En China, por ejemplo, lo que triunfa no es Twitter sino Weibo, que cuenta con cierta tolerancia del gobierno y que censura cuando hay que censurar. Y la empresa californiana quiere comerle terreno en un lugar donde se exige que las empresas de lo digital, a los reguladores y a la policía trabajen “más duramente” para limpiar los sitios web, blogs y microblogs de “rumores tóxicos”.
Desde ese punto de partida, las valoraciones menores sobre lo que particularmente no nos gusta de Twitter quedan empequeñecidas. Que a veces uno recibe insultos, amenazas, suplantaciones o que hay perfiles muy nocivos socialmente… Cierto. Pero está en juego mucho más.
Prueba a amenazar de muerte a alguien en Twitter. Es delito y serás detenido por ello. Prueba a compartir contenido pederasta. Tu IP será rastreada y ve contratando un abogado. Para juzgar ya está la justicia de cada país. Si alguien hace un uso indebido de su capacidad de expresión, hay garantías públicas contra eso. Y si hay un problema de cómo perseguir delitos cometidos contra ti desde fuera de tu país, entonces la solución es la justicia universal y el derecho internacional, no la censura.
Otra trampa argumental: igual que los medios de comuniación moderan los comentarios, ¿por qué Twitter no va a hacerlo como corresponsable de lo que se publica?
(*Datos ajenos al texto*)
(* Let $\mathbb{X}$ be a discrete group with identity $\circ$, and let $\mu$ be a finitely supported probability measure on $\mathbb{X}$ satisfying (A1) $\mu(xzx^{-1})=\mu(z)$ for all $x,z\in\mathbb{X}$ and (A2) $\mu(z)=\mu(z^{-1})$ for all $z\in\mathbb{X}$. Fix $z\in\mathbb{X}$ and $n\in\mathbb{N}$. There exists a function $\phi\colon\mathbb{X}^n\times[n+1]\to\mathbb{X}^{n+1}$ such that for all $(w,i)\in\mathbb{X}^n\times[n+1]$: (i) $\mathrm{val}(\phi(w,i))=\mathrm{val}(w)z$; (ii) $\mu^{\otimes(n+1)}(\phi(w,i))=\mu^{\otimes n}(w)\mu(z)$; (iii) $|\phi^{-1}(\phi(w,i))|=1+\ell_z(w)$; (iv) a sequence $\eta\in\mathbb{X}^{n+1}$ is in the image of $\phi$ if and only if $\ell_z(\eta)\neq 0$.
   Context: $[m]=\{1,\ldots,m\}$. For a sequence $w=(w_1,\ldots,w_m)\in\mathbb{X}^m$: $\mathrm{val}(w):=w_1w_2\cdots w_m$ (the empty product being $\circ$), $\mu^{\otimes m}(w):=\prod_{j=1}^m\mu(w_j)$, and $\ell_z(w):=\sum_{j=1}^m\mathbf{1}\{w_j=(w_{j+1}\cdots w_m)\,z\,(w_{j+1}\cdots w_m)^{-1}\}$, where for $j=m$ the product $w_{j+1}\cdots w_m$ is $\circ$. *)

theory Defs
  imports Complex_Main "HOL-Algebra.Group"
begin

definition gval :: "('a, 'b) monoid_scheme \<Rightarrow> 'a list \<Rightarrow> 'a" where
  "gval G w = foldr (\<lambda>x y. x \<otimes>\<^bsub>G\<^esub> y) w \<one>\<^bsub>G\<^esub>"

definition mu_prod :: "('a \<Rightarrow> real) \<Rightarrow> 'a list \<Rightarrow> real" where
  "mu_prod \<mu> w = prod_list (map \<mu> w)"

text \<open>ell_z(w): number of positions j (0-based here) with
  w_j = (w_{j+1}...w_m) z (w_{j+1}...w_m)^{-1}.\<close>
definition ell :: "('a, 'b) monoid_scheme \<Rightarrow> 'a \<Rightarrow> 'a list \<Rightarrow> nat" where
  "ell G z w = card {j. j < length w \<and>
     w ! j = gval G (drop (Suc j) w) \<otimes>\<^bsub>G\<^esub> z \<otimes>\<^bsub>G\<^esub> inv\<^bsub>G\<^esub> (gval G (drop (Suc j) w))}"

definition seqs :: "('a, 'b) monoid_scheme \<Rightarrow> nat \<Rightarrow> 'a list set" where
  "seqs G m = {w. set w \<subseteq> carrier G \<and> length w = m}"

end

theory Submission
  imports Defs
begin

text \<open>Write \<open>c(s) = val(s) z val(s)\<^sup>-\<^sup>1\<close>, so that position \<open>j\<close> of \<open>w\<close> counts towards \<open>\<ell>\<^sub>z(w)\<close>
  iff \<open>w\<^sub>j = c(w\<^sub>j\<^sub>+\<^sub>1 \<dots> w\<^sub>m)\<close>. The map \<open>\<phi>(w, i)\<close> inserts the letter \<open>c(w\<^sub>i \<dots> w\<^sub>n)\<close> in front of
  \<open>w\<^sub>i\<close>. Since \<open>c(s) val(s) = val(s) z\<close>, this multiplies the value by \<open>z\<close> on the right, and by
  conjugation invariance of \<open>\<mu>\<close> the new letter has weight \<open>\<mu>(z)\<close>. The inserted position counts
  in \<open>\<phi>(w, i)\<close>; positions after it see the same suffix as before, and positions before it see a
  suffix whose value is multiplied by \<open>z\<close>, which leaves \<open>c\<close> unchanged. Hence the counted
  positions of \<open>\<phi>(w, i)\<close> are those of \<open>w\<close> plus the new one, and deleting any counted position
  of \<open>\<eta>\<close> is an inverse of \<open>\<phi>\<close>: the fibre of \<open>\<phi>\<close> over \<open>\<eta>\<close> is in bijection with the counted
  positions of \<open>\<eta>\<close>. Only (A1) is needed.\<close>

lemma gval_Nil [simp]: "gval G [] = \<one>\<^bsub>G\<^esub>"
  by (simp add: gval_def)

lemma gval_Cons [simp]: "gval G (x # xs) = x \<otimes>\<^bsub>G\<^esub> gval G xs"
  by (simp add: gval_def)

lemma mu_prod_append: "mu_prod \<mu> (xs @ ys) = mu_prod \<mu> xs * mu_prod \<mu> ys"
  by (simp add: mu_prod_def)

lemma mu_prod_Cons: "mu_prod \<mu> (x # xs) = \<mu> x * mu_prod \<mu> xs"
  by (simp add: mu_prod_def)

definition suffix_conj :: "('a, 'b) monoid_scheme \<Rightarrow> 'a \<Rightarrow> 'a list \<Rightarrow> 'a" where
  "suffix_conj G z s = gval G s \<otimes>\<^bsub>G\<^esub> z \<otimes>\<^bsub>G\<^esub> inv\<^bsub>G\<^esub> (gval G s)"

definition marked :: "('a, 'b) monoid_scheme \<Rightarrow> 'a \<Rightarrow> 'a list \<Rightarrow> nat set" where
  "marked G z w = {j. j < length w \<and> w ! j = suffix_conj G z (drop (Suc j) w)}"

definition insert_conj :: "('a, 'b) monoid_scheme \<Rightarrow> 'a \<Rightarrow> 'a list \<Rightarrow> nat \<Rightarrow> 'a list" where
  "insert_conj G z w k = take k w @ suffix_conj G z (drop k w) # drop k w"

text \<open>Positions are 0-based for lists but 1-based in \<open>[n+1]\<close>.\<close>
definition insertion_map :: "('a, 'b) monoid_scheme \<Rightarrow> 'a \<Rightarrow> 'a list \<times> nat \<Rightarrow> 'a list" where
  "insertion_map G z = (\<lambda>(w, i). insert_conj G z w (i - 1))"

definition delete_at :: "'a list \<Rightarrow> nat \<Rightarrow> 'a list" where
  "delete_at xs j = take j xs @ drop (Suc j) xs"

lemma ell_eq_card_marked: "ell G z w = card (marked G z w)"
  by (simp add: ell_def marked_def suffix_conj_def)

lemma finite_marked: "finite (marked G z w)"
  by (rule finite_subset[of _ "{..<length w}"]) (auto simp: marked_def)

lemma length_insert_conj [simp]: "length (insert_conj G z w k) = Suc (length w)"
  by (simp add: insert_conj_def)

lemma insert_conj_marked: "k \<le> length w \<Longrightarrow> k \<in> marked G z (insert_conj G z w k)"
  by (simp add: marked_def insert_conj_def nth_append)

lemma marked_insert_conj_Suc:
  assumes "k \<le> j"
  shows "Suc j \<in> marked G z (insert_conj G z w k) \<longleftrightarrow> j \<in> marked G z w"
proof (cases "j < length w")
  case True
  have "insert_conj G z w k ! Suc j = w ! j"
    and "drop (Suc (Suc j)) (insert_conj G z w k) = drop (Suc j) w"
    using assms True by (simp_all add: insert_conj_def nth_append Suc_diff_le)
  then show ?thesis
    using assms True by (simp add: marked_def)
qed (simp add: marked_def)

lemma delete_at_insert_conj: "k \<le> length w \<Longrightarrow> delete_at (insert_conj G z w k) k = w"
  by (simp add: delete_at_def insert_conj_def)

lemma insert_conj_delete_at: "j \<in> marked G z e \<Longrightarrow> insert_conj G z (delete_at e j) j = e"
  unfolding marked_def insert_conj_def delete_at_def
  by (simp add: min_def) (metis id_take_nth_drop)

lemma set_delete_at: "set (delete_at xs j) \<subseteq> set xs"
  by (auto simp: delete_at_def dest: in_set_takeD in_set_dropD)

lemma length_delete_at: "j < length xs \<Longrightarrow> length (delete_at xs j) = length xs - 1"
  by (simp add: delete_at_def)

context group
begin

lemma gval_closed: "set xs \<subseteq> carrier G \<Longrightarrow> gval G xs \<in> carrier G"
  by (induction xs) auto

lemma gval_append:
  "set xs \<subseteq> carrier G \<Longrightarrow> set ys \<subseteq> carrier G \<Longrightarrow> gval G (xs @ ys) = gval G xs \<otimes> gval G ys"
  by (induction xs) (auto simp: gval_closed m_assoc)

lemma suffix_conj_closed:
  "z \<in> carrier G \<Longrightarrow> set s \<subseteq> carrier G \<Longrightarrow> suffix_conj G z s \<in> carrier G"
  by (simp add: suffix_conj_def gval_closed)

lemma suffix_conj_mult_gval:
  "z \<in> carrier G \<Longrightarrow> set s \<subseteq> carrier G \<Longrightarrow> suffix_conj G z s \<otimes> gval G s = gval G s \<otimes> z"
  by (simp add: suffix_conj_def gval_closed m_assoc)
Porque Twitter no es un medio, no editorializa, no construye un discurso propio. Twitter es una herramienta. O quiere serlo, al menos.
Si alguien recibe una amenaza de muerte por teléfono, ¿se nos ocurriría pedirle a la empresa telefónica que le corte la línea como solución al problema?
Y por fin hay un asunto puramente práctico: Twitter es muy débil como gestora de comunidad. Es un producto desarrollado más por el ingenio colectivo de sus usuarios que por la propia empresa. Cualquiera que haya tenido alguna vez algún problema como usuario de Twitter y haya intentado ponerse en contacto con sus servicios técnicos, habrá comprobado que la atención al usuario es simplemente inexistente. Si Twitter no tiene la capacidad, o no quiere tenerla, de manejar a su comunidad de usuarios, ¿cómo cree que puede estar pendiente de todos los supuestos comentarios delictivos? Para eso hay un atajo peligroso: la censura previa, los perfiles desautorizados por petición de las autoridades de cada país.